An hour later Byron came into the kitchen carrying a small dead seal. Climbing down by a little treacherous path, he had seen it lying at the mouth of a cave and for some minutes had stood to watch it. By means of an inner membrane it was clearing first one nostril of sea-water and then the other; and he had shot it while it was still unaware of him.
"What's become o' the furnace?" he asked. "I told George to leav'n by the hedge-gripe."
Sabina, though a farmer, preserved some feminine traits and in particular a love of tidiness. She was as clean as a cat and to see her yard churned up by the hoofs of the cattle, and the farm implements at the mercy of the weather, troubled her. The rusty furnace, an outdoor stove used for farm purposes and, in particular, to try out seal-oil, had been an eyesore and she had had it removed.
"'Tis out in the bullocks' house."
Leadville 'damned 'er up in the 'eaps for interferin' with 'is things'; but he spoke, not harshly so much as absent-mindedly.
"I'll 'av the place as I've a mind to," returned Sabina placidly. Her husband had often raged against the equable good nature which suffered without malice, as a mother surfers the unreasonableness of her child. Now he only muttered vaguely as he set the gun in its thongs over the door.
"Where's Dick to?"
"Drayin' oreweed." Sabina, who had manoeuvred the trolly close to the fender, had been nodding in the agreeable warmth.
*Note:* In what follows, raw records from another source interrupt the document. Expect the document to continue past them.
text \<open>A function of the sample point depends only on the coordinates in J.  All random
  variables of the network up to time t are of this kind for a finite J.\<close>
definition depends_on :: "(nat \<times> nat) set \<Rightarrow> ((nat \<times> nat \<Rightarrow> bool) \<Rightarrow> 'b) \<Rightarrow> bool" where
  "depends_on J F \<longleftrightarrow> (\<forall>\<omega> \<omega>'. (\<forall>x\<in>J. \<omega> x = \<omega>' x) \<longrightarrow> F \<omega> = F \<omega>')"

lemma depends_on_mono: "depends_on J F \<Longrightarrow> J \<subseteq> J' \<Longrightarrow> depends_on J' F"
  unfolding depends_on_def by blast

lemma depends_on_combine:
  assumes "depends_on J f" "depends_on J g" "a \<in> J" "b \<in> J"
  shows "depends_on J (\<lambda>\<omega>. H (\<omega> a) (\<omega> b) (f \<omega>) (g \<omega>))"
  unfolding depends_on_def
proof (intro allI impI)
  fix \<omega> \<omega>' :: "nat \<times> nat \<Rightarrow> bool"
  assume agree: "\<forall>x\<in>J. \<omega> x = \<omega>' x"
  then have "f \<omega> = f \<omega>'" "g \<omega> = g \<omega>'"
    using assms(1,2) unfolding depends_on_def by blast+
  moreover have "\<omega> a = \<omega>' a" "\<omega> b = \<omega>' b" using agree assms(3,4) by auto
  ultimately show "H (\<omega> a) (\<omega> b) (f \<omega>) (g \<omega>) = H (\<omega>' a) (\<omega>' b) (f \<omega>') (g \<omega>')" by simp
qed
An indoor life had made her susceptible to cold and this afternoon she felt tired and ill. The emotions rather than the work of the day had exhausted her, and she had thought to snatch a few minutes' rest before Mrs. Tom, whom she was expecting to call on the way back from Stowe, should arrive.
"You'll catch afire one of these days if you keep on gruddlin' so," said Byron, with a fathering wish. Sabina could not follow his thought, in fact she mistook it for solicitude. It was long since he had shown any interest in her welfare. Could the doctor's visit, revealing that she was in a poor way, have brought her husband to a better mind? Like the rest of us she could not believe that it takes all sorts to make a world and, in the eyes of others, saw consequently only the reflection of herself. She looked hopefully at Leadville and at once he turned away, hanging his big head and balancing from one foot to the other. His mind was stirring, as the sand crawls under an army of ants. He felt the movement, was perhaps vaguely conscious of the direction in which he was going, but could not see the end; not yet.
A cart laden with glistening weed, wet and olive-brown, had come up from the beach. As Leadville lounged out of the porch he saw that Dick Bennett was the driver. The weed had been left by the receding tide, left ankle-deep in every sandy bay, strewn over the black rocks; a generous provision, enough for every potato-patch in the parish. Nor did the glossy slippery weed constitute the whole of the sea-harvest. Manure for the fields, wood for the kitchen fires and, what that wood had held—oranges and shelled walnuts, crates and bags and boxes—had floated in during the night. The sea had been good to the lonely dwellers on her coasts; and she had offered, in her own gruesome fashion, a Christmas gift.